▸ Problem to solve
Set down every record once more, exactly as given.

▸ Collected data
* * * * * * * * *
(* Let $n\ge2$. For all $x,y\in\mathbb{B}^n$, $$\tfrac14\rho_{\mathbb{B}^n}(x,y)\le\tilde\tau_{\mathbb{B}^n}(x,y)\le\rho_{\mathbb{B}^n}(x,y)\quad\text{and}\quad \tilde\tau_{\mathbb{B}^n}(x,y)\le\tfrac12\rho_{\mathbb{B}^n}(x,y)+\log\tfrac54,$$ and all these inequalities are sharp: $$\inf_{x\ne y}\frac{\tilde\tau_{\mathbb{B}^n}(x,y)}{\rho_{\mathbb{B}^n}(x,y)}=\tfrac14,\qquad \sup_{x\ne y}\frac{\tilde\tau_{\mathbb{B}^n}(x,y)}{\rho_{\mathbb{B}^n}(x,y)}=1,\qquad \sup_{x,y\in\mathbb{B}^n}\Big(\tilde\tau_{\mathbb{B}^n}(x,y)-\tfrac12\rho_{\mathbb{B}^n}(x,y)\Big)=\log\tfrac54.$$
   Context: $\mathbb{B}^n=\{z\in\mathbb{R}^n:|z|<1\}$. The hyperbolic metric $\rho_{\mathbb{B}^n}$ is given by $\sinh\frac{\rho_{\mathbb{B}^n}(x,y)}{2}=\frac{|x-y|}{\sqrt{1-|x|^2}\sqrt{1-|y|^2}}$. For a proper subdomain $D\subsetneq\mathbb{R}^n$ and $x,y\in D$, $\tilde\tau_D(x,y)=\log\big(1+\sup_{p\in\partial D}\frac{|x-y|}{\sqrt{|x-p||y-p|}}\big)$ (the scale invariant Cassinian metric). *)

theory Defs
  imports "HOL-Analysis.Analysis"
begin

text \<open>Unit ball B^n = ball 0 1 in a Euclidean space of dimension n = DIM('a).\<close>

definition hyp_ball :: "'a::euclidean_space \<Rightarrow> 'a \<Rightarrow> real" where
  "hyp_ball x y = 2 * arsinh (norm (x - y) / (sqrt (1 - (norm x)\<^sup>2) * sqrt (1 - (norm y)\<^sup>2)))"

definition cass_si :: "'a::euclidean_space set \<Rightarrow> 'a \<Rightarrow> 'a \<Rightarrow> real" where
  "cass_si D x y = ln (1 + (SUP p\<in>frontier D. norm (x - y) / sqrt (norm (x - p) * norm (y - p))))"

end

theory Submission
  imports Defs "HOL-Real_Asymp.Real_Asymp"
begin

text \<open>Write \<open>s\<close> for the supremum in the Cassinian metric, so that \<open>\<tau> = log (1 + s)\<close>, and
  \<open>A = sinh (\<rho> / 2)\<close>, so that \<open>\<rho> = 2 arsinh A = 2 log (A + sqrt (A\<^sup>2 + 1))\<close>.
  For every boundary point \<open>p\<close>, \<open>|x - p| \<ge> 1 - |x| \<ge> (1 - |x|\<^sup>2) / 2\<close>, whence \<open>s \<le> 2A\<close>;
  testing the supremum at \<open>p = x / |x|\<close>, where \<open>|x| \<ge> |y|\<close>, gives \<open>A \<le> s + s\<^sup>2 / 2\<close>.
  These two comparisons of \<open>s\<close> with \<open>A\<close> yield the three inequalities. Sharpness is witnessed on
  a diameter: by the antipodal pairs \<open>\<plusminus>r e\<close> as \<open>r \<rightarrow> 1\<close>, by points at distances \<open>h\<close> and
  \<open>h + h\<^sup>2\<close> from the boundary point \<open>e\<close> as \<open>h \<rightarrow> 0\<close>, and by points at distances \<open>u\<close> and \<open>4u\<close>
  from \<open>e\<close> as \<open>u \<rightarrow> 0\<close>.\<close>

definition cass_ratio :: "'a::euclidean_space \<Rightarrow> 'a \<Rightarrow> 'a \<Rightarrow> real" where
  "cass_ratio x y p = norm (x - y) / sqrt (norm (x - p) * norm (y - p))"

definition cass_sup :: "'a::euclidean_space \<Rightarrow> 'a \<Rightarrow> real" where
  "cass_sup x y = (SUP p\<in>sphere 0 1. cass_ratio x y p)"

definition sinh_half_hyp :: "'a::euclidean_space \<Rightarrow> 'a \<Rightarrow> real" where
  "sinh_half_hyp x y = norm (x - y) / (sqrt (1 - (norm x)\<^sup>2) * sqrt (1 - (norm y)\<^sup>2))"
* * * * * * * * *
▸ Your response
(* Let $n\ge2$. For all $x,y\in\mathbb{B}^n$, $$\tfrac14\rho_{\mathbb{B}^n}(x,y)\le\tilde\tau_{\mathbb{B}^n}(x,y)\le\rho_{\mathbb{B}^n}(x,y)\quad\text{and}\quad \tilde\tau_{\mathbb{B}^n}(x,y)\le\tfrac12\rho_{\mathbb{B}^n}(x,y)+\log\tfrac54,$$ and all these inequalities are sharp: $$\inf_{x\ne y}\frac{\tilde\tau_{\mathbb{B}^n}(x,y)}{\rho_{\mathbb{B}^n}(x,y)}=\tfrac14,\qquad \sup_{x\ne y}\frac{\tilde\tau_{\mathbb{B}^n}(x,y)}{\rho_{\mathbb{B}^n}(x,y)}=1,\qquad \sup_{x,y\in\mathbb{B}^n}\Big(\tilde\tau_{\mathbb{B}^n}(x,y)-\tfrac12\rho_{\mathbb{B}^n}(x,y)\Big)=\log\tfrac54.$$
   Context: $\mathbb{B}^n=\{z\in\mathbb{R}^n:|z|<1\}$. The hyperbolic metric $\rho_{\mathbb{B}^n}$ is given by $\sinh\frac{\rho_{\mathbb{B}^n}(x,y)}{2}=\frac{|x-y|}{\sqrt{1-|x|^2}\sqrt{1-|y|^2}}$. For a proper subdomain $D\subsetneq\mathbb{R}^n$ and $x,y\in D$, $\tilde\tau_D(x,y)=\log\big(1+\sup_{p\in\partial D}\frac{|x-y|}{\sqrt{|x-p||y-p|}}\big)$ (the scale invariant Cassinian metric). *)

theory Defs
  imports "HOL-Analysis.Analysis"
begin

text \<open>Unit ball B^n = ball 0 1 in a Euclidean space of dimension n = DIM('a).\<close>

definition hyp_ball :: "'a::euclidean_space \<Rightarrow> 'a \<Rightarrow> real" where
  "hyp_ball x y = 2 * arsinh (norm (x - y) / (sqrt (1 - (norm x)\<^sup>2) * sqrt (1 - (norm y)\<^sup>2)))"

definition cass_si :: "'a::euclidean_space set \<Rightarrow> 'a \<Rightarrow> 'a \<Rightarrow> real" where
  "cass_si D x y = ln (1 + (SUP p\<in>frontier D. norm (x - y) / sqrt (norm (x - p) * norm (y - p))))"

end

theory Submission
  imports Defs "HOL-Real_Asymp.Real_Asymp"
begin

text \<open>Write \<open>s\<close> for the supremum in the Cassinian metric, so that \<open>\<tau> = log (1 + s)\<close>, and
  \<open>A = sinh (\<rho> / 2)\<close>, so that \<open>\<rho> = 2 arsinh A = 2 log (A + sqrt (A\<^sup>2 + 1))\<close>.
  For every boundary point \<open>p\<close>, \<open>|x - p| \<ge> 1 - |x| \<ge> (1 - |x|\<^sup>2) / 2\<close>, whence \<open>s \<le> 2A\<close>;
  testing the supremum at \<open>p = x / |x|\<close>, where \<open>|x| \<ge> |y|\<close>, gives \<open>A \<le> s + s\<^sup>2 / 2\<close>.
  These two comparisons of \<open>s\<close> with \<open>A\<close> yield the three inequalities. Sharpness is witnessed on
  a diameter: by the antipodal pairs \<open>\<plusminus>r e\<close> as \<open>r \<rightarrow> 1\<close>, by points at distances \<open>h\<close> and
  \<open>h + h\<^sup>2\<close> from the boundary point \<open>e\<close> as \<open>h \<rightarrow> 0\<close>, and by points at distances \<open>u\<close> and \<open>4u\<close>
  from \<open>e\<close> as \<open>u \<rightarrow> 0\<close>.\<close>

definition cass_ratio :: "'a::euclidean_space \<Rightarrow> 'a \<Rightarrow> 'a \<Rightarrow> real" where
  "cass_ratio x y p = norm (x - y) / sqrt (norm (x - p) * norm (y - p))"

definition cass_sup :: "'a::euclidean_space \<Rightarrow> 'a \<Rightarrow> real" where
  "cass_sup x y = (SUP p\<in>sphere 0 1. cass_ratio x y p)"

definition sinh_half_hyp :: "'a::euclidean_space \<Rightarrow> 'a \<Rightarrow> real" where
  "sinh_half_hyp x y = norm (x - y) / (sqrt (1 - (norm x)\<^sup>2) * sqrt (1 - (norm y)\<^sup>2))"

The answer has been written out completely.